_Assigned task:_ When you reach the line containing "(False = bot, True" in the entries below, start writing out each line exactly, and stop after the line containing "(isC s \<and>".

[Collected data entries]
_ _ _

(* For $A\in\{D,C\}$ and all $\sigma,\tau\in\Lambda^r_A$: $\sigma\le^r_A\tau$ if and only if $\sigma\le_A\tau$. That is, $\le^r_D$ and $\le^r_C$ are the restrictions to the restricted types of $\le_D$ and $\le_C$.
   Context: Let $R=\{\bot\sqsubset\top\}$ be the two-point lattice, and write $\psi$ for the type constant $\psi_\top$. Full types: - $\Lambda_R$: $\rho::=\psi_a\mid\omega\mid\rho\wedge\rho$ ($a\in R$); - $\Lambda_D$: $\delta::=\rho\mid\kappa\to\rho\mid\omega\mid\delta\wedge\delta$; - $\Lambda_C$: $\kappa::=\delta\times\kappa\mid\omega\mid\kappa\wedge\kappa$. The relations $\le_R,\le_D,\le_C$ are the least reflexive, transitive relations with $\sigma\wedge\tau\le\sigma,\tau$, $\sigma\le\omega$, $\rho\le\sigma,\tau\Rightarrow\rho\le\sigma\wedge\tau$, and additionally: - $\psi_\bot\sim\omega$ and $\psi_{a\sqcup b}\sim\psi_a\wedge\psi_b$; - $\le_R\subseteq\le_D$; - $\omega\le_D\omega\to\omega$; - $\psi_a\le_D\omega\to\psi_a\le_D\psi_a$; - $\omega\le_C\omega\times\omega$; - $(\kappa\to\rho_1)\wedge(\kappa\to\rho_2)\le_D\kappa\to(\rho_1\wedge\rho_2)$; - $(\delta_1\times\kappa_1)\wedge(\delta_2\times\kappa_2)\le_C(\delta_1\wedge\delta_2)\times(\kappa_1\wedge\kappa_2)$; - if $\kappa_2\le_C\kappa_1$ and $\rho_1\le_R\rho_2$ then $\kappa_1\to\rho_1\le_D\kappa_2\to\rho_2$; - $\times$ is covariant in both arguments. Restricted types: $\Lambda^r_D$: $\delta::=\kappa\to\psi\mid\delta\wedge\delta$; $\Lambda^r_C$: $\kappa::=\omega\mid\delta\times\kappa\mid\kappa\wedge\kappa$. Thus $\Lambda^r_A\subseteq\Lambda_A$. $\le^r_D$ and $\le^r_C$ are the least relations on $\Lambda^r_D$ and $\Lambda^r_C$ that are reflexive and transitive, satisfy $\sigma\wedge\tau\le\sigma$, $\sigma\wedge\tau\le\tau$, and $\sigma\le\tau_1,\tau_2\Rightarrow\sigma\le\tau_1\wedge\tau_2$, and in addition: - $\kappa\le^r_C\omega$; - $(\delta_1\times\kappa_1)\wedge(\delta_2\times\kappa_2)\le^r_C(\delta_1\wedge\delta_2)\times(\kappa_1\wedge\kappa_2)$; - if $\delta_1\le^r_D\delta_2$ and $\kappa_1\le^r_C\kappa_2$ then $\delta_1\times\kappa_1\le^r_C\delta_2\times\kappa_2$; - if $\kappa_2\le^r_C\kappa_1$ then $\kappa_1\to\psi\le^r_D\kappa_2\to\psi$. *)

theory Defs
  imports Main
begin

(* Raw type syntax shared by all sorts; the lattice R = {bot < top} is bool
   (False = bot, True = top, join = disjunction).  Psi a is the constant psi_a,
   Om is omega, And is the intersection, Arr k r is k -> r, Prod d k is d x k. *)
datatype ty = Psi bool | Om | And ty ty | Arr ty ty | Prod ty ty

abbreviation psi :: ty where "psi \<equiv> Psi True"

fun isR :: "ty \<Rightarrow> bool" where
  "isR (Psi a) = True"
| "isR Om = True"
| "isR (And s t) = (isR s \<and> isR t)"
| "isR _ = False"

fun isD :: "ty \<Rightarrow> bool" and isC :: "ty \<Rightarrow> bool" where
  "isD (Psi a) = True"
| "isD Om = True"
| "isD (And s t) = (isD s \<and> isD t)"
| "isD (Arr k r) = (isC k \<and> isR r)"
| "isD (Prod d k) = False"
| "isC Om = True"
| "isC (And s t) = (isC s \<and> isC t)"
| "isC (Prod d k) = (isD d \<and> isC k)"
| "isC (Psi a) = False"
| "isC (Arr k r) = False"

inductive leR :: "ty \<Rightarrow> ty \<Rightarrow> bool" where
  R_refl: "isR s \<Longrightarrow> leR s s"
| R_trans: "leR s t \<Longrightarrow> leR t u \<Longrightarrow> leR s u"
| R_andL: "isR s \<Longrightarrow> isR t \<Longrightarrow> leR (And s t) s"
| R_andR: "isR s \<Longrightarrow> isR t \<Longrightarrow> leR (And s t) t"
| R_top: "isR s \<Longrightarrow> leR s Om"
| R_glb: "leR r s \<Longrightarrow> leR r t \<Longrightarrow> leR r (And s t)"
| R_bot1: "leR (Psi False) Om"
| R_bot2: "leR Om (Psi False)"
| R_join1: "leR (Psi (a \<or> b)) (And (Psi a) (Psi b))"
| R_join2: "leR (And (Psi a) (Psi b)) (Psi (a \<or> b))"
lemma surrogate_step_bound:
  fixes ft G :: "'a::euclidean_space \<Rightarrow> real" and c D x xt :: 'a
  assumes "convex X" "X \<subseteq> U" "open U" "x \<in> X" "xt \<in> X"
    and "convex_on U G" and sc: "strongly_convex_on \<tau> X ft" and "0 < \<tau>"
    and der: "(ft has_derivative (\<lambda>h. inner D h)) (at x)"
    and min: "\<And>z. z \<in> X \<Longrightarrow> ft xt + inner c (xt - x) + G xt \<le> ft z + inner c (z - x) + G z"
    and subgradient_le: "\<And>g. is_subgradient U G x g \<Longrightarrow> norm g \<le> L"
  shows "norm (xt - x) \<le> 4 * (norm (D + c) + L) / \<tau>"
proof -
  define h where "h z = inner c (z - x) + G z" for z
  have "convex_on X h"
    unfolding h_def using assms
    by (intro convex_on_add convex_on_inner_affine convex_on_subset[of U G X])
  have mid: "(1/2) *\<^sub>R x + (1/2) *\<^sub>R xt \<in> X"
    using assms(1,4,5) convexD[of X x xt "1/2" "1/2"] by simp
  have "ft xt + h xt \<le> ft ((1/2) *\<^sub>R x + (1/2) *\<^sub>R xt) + h ((1/2) *\<^sub>R x + (1/2) *\<^sub>R xt)"
    using min[OF mid] unfolding h_def by (simp add: add.assoc)
  then have growth: "\<tau> / 4 * (norm (xt - x))\<^sup>2 \<le> (ft x + h x) - (ft xt + h xt)"
    by (rule strongly_convex_minimizer_growth[OF \<open>convex X\<close> sc \<open>convex_on X h\<close> assms(4,5)])
  have tangent: "ft x + inner D (xt - x) \<le> ft xt"
    using sc \<open>0 < \<tau>\<close> assms(4,5) der by (intro strongly_convex_on_above_tangent) auto
  obtain g where g: "is_subgradient U G x g"
    using subgradient_exists assms by blast
  then have "G x + inner g (xt - x) \<le> G xt"
    using assms(2,5) unfolding is_subgradient_def by auto
  then have "inner (D + c + g) (xt - x) \<le> (ft xt + h xt) - (ft x + h x)"
    using tangent unfolding h_def by (simp add: inner_add_left algebra_simps)
  moreover have "- inner (D + c + g) (xt - x) \<le> (norm (D + c) + L) * norm (xt - x)"
  proof -
    have "norm (D + c + g) \<le> norm (D + c) + L"
      using norm_triangle_ineq[of "D + c" g] subgradient_le[OF g] by linarith
    then have "norm (D + c + g) * norm (xt - x) \<le> (norm (D + c) + L) * norm (xt - x)"
      by (rule mult_right_mono) simp
    then show ?thesis
      using abs_le_D2[OF Cauchy_Schwarz_ineq2[of "D + c + g" "xt - x"]] by linarith
  qed
  ultimately have K: "\<tau> / 4 * (norm (xt - x))\<^sup>2 \<le> (norm (D + c) + L) * norm (xt - x)"
    using growth by linarith
  show ?thesis
  proof (cases "xt = x")
    case True
    have "0 \<le> L"
      using subgradient_le[OF g] norm_ge_zero order_trans by blast
    then show ?thesis
      using True \<open>0 < \<tau>\<close> by simp
  next
    case False
    then have "\<tau> / 4 * norm (xt - x) \<le> norm (D + c) + L"
      using K by (simp add: power2_eq_square mult.assoc[symmetric])
    then show ?thesis
      using \<open>0 < \<tau>\<close> by (simp add: field_simps)
  qed
qed
(* Decompose the relative BRST operator as $\hat Q=\eta_0\,\mathcal X+\hat d$, where $\mathcal X=\beta_0+\sum_{n\neq0} n\,c_n\zeta_{-n}$ and $\hat d$ contains no $\eta_0$ (nor $\zeta_0$). Let $\mathcal P=\gamma_0$, so $[\mathcal X,\mathcal P]=1$. Define the tilded oscillators $\tilde b_n=b_n+n\zeta_n\gamma_0$ and $\tilde\eta_n=\eta_n+n c_n\gamma_0$ ($n\neq0$). Then the oscillators $\tilde b_n, c_n,\zeta_n,\tilde\eta_n,\beta_n,\gamma_n$ ($n\ne0$) satisfy the same (anti)commutation relations as the untilded ones and all commute with $\mathcal X$ and $\mathcal P$, and $\hat d$ commutes with both $\mathcal X$ and $\mathcal P$; i.e. when written in terms of the tilded oscillators (together with $x_n,\varphi_n$, $n\ne 0$, and the momenta), $\hat d$ is independent of $\mathcal X$ and $\mathcal P$.
   Context: Same Fock space and BRST operator as follows. Fields/modes: $x_n$, $\varphi_n$ with $[x_m,x_n]=[\varphi_m,\varphi_n]=m\delta_{m+n,0}$; fermionic $b_n,c_n$ with $\{b_m,c_n\}=\delta_{m+n,0}$; fermionic $\zeta_n,\eta_n$ with $\{\zeta_m,\eta_n\}=\delta_{m+n,0}$; bosonic $\beta_n,\gamma_n$ with $[\gamma_m,\beta_n]=\delta_{m+n,0}$. $Q_B=\sum_m :c_{-m}(L^{matt}_m+L^{grav}_m+\tfrac12L^{bc}_m+L^{\zeta\eta}_m)+\eta_{-m}\beta_m:$ with $L^{matt}_n=\tfrac12\sum_m:x_mx_{n-m}:$, $L^{grav}_n=\sum_m:(-m\beta_m\gamma_{n-m}+\tfrac12\varphi_m\varphi_{n-m}):+\sqrt2 i(n+1)\varphi_n$, $L^{bc}_n=\sum_m(2n-m):b_mc_{n-m}:$, $L^{\zeta\eta}_n=-\sum_m m:\zeta_m\eta_{n-m}:$. One writes $Q_B=c_0L_0-b_0\sum_{n\ne0}n c_{-n}c_n+\hat Q$ with $\hat Q$ free of $b_0,c_0$. Explicitly $\hat d=\sum_{n\ne0}:c_{-n}(L^{matt}_n+L^{grav}_n+L'^{\zeta\eta}_n):+\sum_{n\ne0}\eta_{-n}\beta_n-\tfrac12\sum_{m,n\ne0,\,m+n\ne0}(m-n):c_{-m}c_{-n}b_{n+m}:$, where $L'^{\zeta\eta}_n$ is $L^{\zeta\eta}_n$ with the term containing $\eta_0$ removed. *)

theory Defs
  imports Complex_Main "HOL-Library.Groups_Big_Fun"
begin

datatype mode = MX | MPhi | MB | MC | MZeta | MEta | MBeta | MGamma

definition fermionic :: "mode \<Rightarrow> bool" where
  "fermionic k \<longleftrightarrow> k \<in> {MB, MC, MZeta, MEta}"

definition kd :: "int \<Rightarrow> int \<Rightarrow> complex" where
  "kd m n = (if m + n = 0 then 1 else 0)"

text \<open>The value of the graded bracket [a_k(m), a_l(n)} (a multiple of the identity):
  [x_m,x_n] = [phi_m,phi_n] = m delta, {b_m,c_n} = {zeta_m,eta_n} = delta,
  [gamma_m,beta_n] = delta, and the symmetric partners; all others vanish.\<close>
fun brk :: "mode \<Rightarrow> int \<Rightarrow> mode \<Rightarrow> int \<Rightarrow> complex" where
  "brk MX m MX n = of_int m * kd m n"
| "brk MPhi m MPhi n = of_int m * kd m n"
| "brk MB m MC n = kd m n"
| "brk MC m MB n = kd m n"
| "brk MZeta m MEta n = kd m n"
| "brk MEta m MZeta n = kd m n"
| "brk MGamma m MBeta n = kd m n"
| "brk MBeta m MGamma n = - kd m n"
| "brk _ _ _ _ = 0"

definition comm :: "('v::ab_group_add \<Rightarrow> 'v) \<Rightarrow> ('v \<Rightarrow> 'v) \<Rightarrow> 'v \<Rightarrow> 'v" where
  "comm A B = (\<lambda>v. A (B v) - B (A v))"

definition acomm :: "('v::ab_group_add \<Rightarrow> 'v) \<Rightarrow> ('v \<Rightarrow> 'v) \<Rightarrow> 'v \<Rightarrow> 'v" where
  "acomm A B = (\<lambda>v. A (B v) + B (A v))"

definition gbr :: "mode \<Rightarrow> mode \<Rightarrow> ('v::ab_group_add \<Rightarrow> 'v) \<Rightarrow> ('v \<Rightarrow> 'v) \<Rightarrow> 'v \<Rightarrow> 'v" where
  "gbr k l A B = (if fermionic k \<and> fermionic l then acomm A B else comm A B)"
lemma poly_shift_lower_bound:
  assumes "poly (map_poly of_rat Q) (lam 1) \<noteq> 0"
  shows "\<exists>L::nat. \<forall>\<^sub>F n in sequentially. \<eta> powi (int n - int L) \<le> cmod (poly_shift Q n)"
  unfolding poly_shift_def
  using lrs_dominant_lower_bound[where lam = lam and \<eta> = \<eta>, OF d_pos dominant_real dominant_gt_1 dominant]
    assms dominant_coeff_nonzero by simp

lemma signed_sums_eq_poly_shift:
  assumes "length es = m" and "length is = m" and "\<And>i. i \<in> set is \<Longrightarrow> i0 \<le> i"
  shows "(\<Sum>j<m. of_int (es ! j) * lrs d c lam (is ! j))
      = poly_shift (signed_monomials es (map (\<lambda>i. i - i0) is)) i0"
    and "of_real (\<Sum>j<m. of_int (es ! j) * \<eta> ^ (is ! j))
      = lam 1 ^ i0 * poly (map_poly of_rat (signed_monomials es (map (\<lambda>i. i - i0) is))) (lam 1)"
  using sum_lrs_signed_monomials[of "is" es i0 d c lam]
    sum_powers_signed_monomials[of "is" es i0 "of_real \<eta>"] assms
  unfolding dominant_real by (simp_all add: poly_shift_def)

lemma uniform_poly_shift_lower_bound:
  assumes "finite A"
  obtains L K :: nat where
    "\<And>Q n. Q \<in> A \<Longrightarrow> K \<le> n \<Longrightarrow> poly (map_poly of_rat Q) (lam 1) \<noteq> 0 \<Longrightarrow>
       \<eta> powi (int n - int L) \<le> cmod (poly_shift Q n)"
proof -
  obtain L where L: "\<And>Q. poly (map_poly of_rat Q) (lam 1) \<noteq> 0 \<Longrightarrow>
      \<forall>\<^sub>F n in sequentially. \<eta> powi (int n - int (L Q)) \<le> cmod (poly_shift Q n)"
    using poly_shift_lower_bound by metis
  have "\<forall>Q\<in>A. \<forall>\<^sub>F n in sequentially. poly (map_poly of_rat Q) (lam 1) \<noteq> 0 \<longrightarrow>
      \<eta> powi (int n - int (Max (L ` A))) \<le> cmod (poly_shift Q n)"
  proof (intro ballI, goal_cases)
    case (1 Q)
    show ?case
    proof (cases "poly (map_poly of_rat Q) (lam 1) = 0")
      case False
      have mono: "\<eta> powi (int n - int (Max (L ` A))) \<le> \<eta> powi (int n - int (L Q))" for n
        using assms 1 dominant_gt_1 by (intro power_int_increasing) auto
      show ?thesis
        using L[OF False] by (rule eventually_mono) (meson mono order_trans)
    qed simp
  qed
  from eventually_ball_finite[OF assms this] obtain K where
    "\<And>Q n. Q \<in> A \<Longrightarrow> K \<le> n \<Longrightarrow> poly (map_poly of_rat Q) (lam 1) \<noteq> 0 \<Longrightarrow>
       \<eta> powi (int n - int (Max (L ` A))) \<le> cmod (poly_shift Q n)"
    unfolding eventually_sequentially by blast
  then show thesis
    by (rule that)
qed

lemma signed_sum_dichotomy:
  obtains L K :: nat where
    "\<And>es is. length es = m \<Longrightarrow> length is = m \<Longrightarrow> set es \<subseteq> {1, -1} \<Longrightarrow>
       (\<And>i. i \<in> set is \<Longrightarrow> K \<le> i \<and> i \<le> Min (set is) + B) \<Longrightarrow>
       ((\<Sum>j<m. of_int (es ! j) * lrs d c lam (is ! j)) = 0
          \<longrightarrow> (\<Sum>j<m. of_int (es ! j) * \<eta> ^ (is ! j)) = 0)
     \<and> ((\<Sum>j<m. of_int (es ! j) * lrs d c lam (is ! j)) \<noteq> 0
          \<longrightarrow> \<eta> powi (int (Min (set is)) - int L) \<le> cmod (\<Sum>j<m. of_int (es ! j) * lrs d c lam (is ! j)))"
proof -
  obtain L K where K: "\<And>Q n. Q \<in> signed_monomial_shapes m B \<Longrightarrow> K \<le> n \<Longrightarrow>
      poly (map_poly of_rat Q) (lam 1) \<noteq> 0 \<Longrightarrow> \<eta> powi (int n - int L) \<le> cmod (poly_shift Q n)"
    using uniform_poly_shift_lower_bound[OF finite_signed_monomial_shapes] by blast
  show thesis
  proof (rule that[where L = L and K = K], goal_cases)
    case (1 es "is")
    show ?case
    proof (cases "m = 0")
      case False
      define i0 where "i0 = Min (set is)"
      define Q where "Q = signed_monomials es (map (\<lambda>i. i - i0) is)"
      have "i0 \<in> set is"
        using False 1 unfolding i0_def by (intro Min_in) auto
      then have "K \<le> i0"
        using 1 by blast
      have le: "i0 \<le> i" if "i \<in> set is" for i
        using that by (simp add: i0_def)
      note sums = signed_sums_eq_poly_shift[OF 1(1,2) le, folded Q_def]
      have "i - i0 \<le> B" if "i \<in> set is" for i
        using 1(4)[OF that] unfolding i0_def by linarith
      then have "Q \<in> signed_monomial_shapes m B"
        unfolding Q_def using 1 by (intro signed_monomials_in_shapes) auto
      show ?thesis
      proof (cases "poly (map_poly of_rat Q) (lam 1) = 0")
        case True
        have "(\<Sum>j<m. of_int (es ! j) * \<eta> ^ (is ! j)) = 0"
          using sums(2) True by (simp only: mult_zero_right of_real_eq_0_iff)
        with True show ?thesis
          using sums(1) poly_shift_eq_0_if_root by simp
      next
        case False
        have "\<eta> powi (int i0 - int L) \<le> cmod (poly_shift Q i0)"
          using K[OF \<open>Q \<in> signed_monomial_shapes m B\<close> \<open>K \<le> i0\<close> False] .
        moreover have "\<eta> powi (int i0 - int L) > 0"
          using dominant_gt_1 by simp
        ultimately show ?thesis
          using sums(1) by (auto simp: i0_def)
      qed
    qed simp
  qed
qed

end

lemma dominant_conjugate_lrs_of_int_poly:
  fixes p :: "int poly"
  assumes "irreducible (map_poly rat_of_int p)" and "degree p = d"
    and "map_poly of_int p = smult (of_int (lead_coeff p)) (\<Prod>k=1..d. [:- lam k, 1:])"
    and "lam 1 = of_real \<eta>" and "\<eta> > 1" and "\<And>k. k \<in> {2..d} \<Longrightarrow> cmod (lam k) < \<eta>"
    and "c 1 \<noteq> 0"
  shows "dominant_conjugate_lrs d lam c (map_poly rat_of_int p) \<eta>"
proof
  have "degree (map_poly rat_of_int p) > 0"
    using assms(1) by (rule degree_pos_if_irreducible)
  then show "d \<ge> 1"
    using assms(2) by (simp add: degree_map_poly)
next
  fix k
  assume "k \<in> {1..d}"
  then have "(\<Prod>j=1..d. poly [:- lam j, 1:] (lam k)) = 0"
    by (intro prod_zero) auto
  then show "poly (map_poly of_rat (map_poly rat_of_int p)) (lam k) = 0"
    by (simp add: map_poly_map_poly o_def assms(3) poly_prod)
qed (use assms in auto)

theorem lemma6p3:
  fixes d :: nat and lam c :: "nat \<Rightarrow> complex" and p :: "int poly" and \<eta> :: real
  assumes irr: "irreducible (map_poly rat_of_int p)"
    and deg: "degree p = d"
    and roots: "map_poly of_int p = smult (of_int (lead_coeff p)) (\<Prod>k=1..d. [:- lam k, 1:])"
    and dom_real: "lam 1 = complex_of_real \<eta>"
    and dom_gt1: "\<eta> > 1"
    and dom: "\<And>k. k \<in> {2..d} \<Longrightarrow> cmod (lam k) < \<eta>"
    and c1: "c 1 \<noteq> 0"
    and pos: "\<And>n. n \<ge> 1 \<Longrightarrow> \<exists>z::nat. z > 0 \<and> lrs d c lam n = of_nat z"
  shows "\<forall>m l :: nat. \<exists>L2 K2 :: nat. \<forall>es :: int list. \<forall>is :: nat list.
           length es = m \<and> length is = m \<and> (\<forall>e\<in>set es. e = 1 \<or> e = -1)
           \<and> (\<forall>i\<in>set is. i \<ge> K2) \<and> gap (map int is) \<le> int l \<longrightarrow>
           ((\<Sum>j<m. of_int (es ! j) * lrs d c lam (is ! j)) = 0
              \<longrightarrow> (\<Sum>j<m. of_int (es ! j) * \<eta> ^ (is ! j)) = 0)
         \<and> ((\<Sum>j<m. of_int (es ! j) * lrs d c lam (is ! j)) \<noteq> 0
              \<longrightarrow> cmod (\<Sum>j<m. of_int (es ! j) * lrs d c lam (is ! j))
                   \<ge> \<eta> powi (int (Min (set is)) - int L2))"
proof -
  interpret dominant_conjugate_lrs d lam c "map_poly rat_of_int p" \<eta>
    using irr deg roots dom_real dom_gt1 dom c1 by (rule dominant_conjugate_lrs_of_int_poly)
  show ?thesis
  proof (intro allI, goal_cases)
    case (1 m l)
    show ?case
    proof (rule signed_sum_dichotomy[of m "m * l"], goal_cases)
      case (1 L K)
      show ?case
      proof (rule exI[of _ L], rule exI[of _ K], intro allI impI, elim conjE, rule 1)
        fix es :: "int list" and "is" :: "nat list" and i :: nat
        assume "length is = m" "\<forall>i\<in>set is. K \<le> i" "gap (map int is) \<le> int l" "i \<in> set is"
        then show "K \<le> i \<and> i \<le> Min (set is) + m * l"
          using le_Min_plus_if_gap_le by auto
      qed auto
    qed
  qed
qed

end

_ _ _

_Written response:_
   (False = bot, True = top, join = disjunction).  Psi a is the constant psi_a,
   Om is omega, And is the intersection, Arr k r is k -> r, Prod d k is d x k. *)
datatype ty = Psi bool | Om | And ty ty | Arr ty ty | Prod ty ty

abbreviation psi :: ty where "psi \<equiv> Psi True"

fun isR :: "ty \<Rightarrow> bool" where
  "isR (Psi a) = True"
| "isR Om = True"
| "isR (And s t) = (isR s \<and> isR t)"
| "isR _ = False"

fun isD :: "ty \<Rightarrow> bool" and isC :: "ty \<Rightarrow> bool" where
  "isD (Psi a) = True"
| "isD Om = True"
| "isD (And s t) = (isD s \<and> isD t)"
| "isD (Arr k r) = (isC k \<and> isR r)"
| "isD (Prod d k) = False"
| "isC Om = True"
| "isC (And s t) = (isC s \<and> isC t)"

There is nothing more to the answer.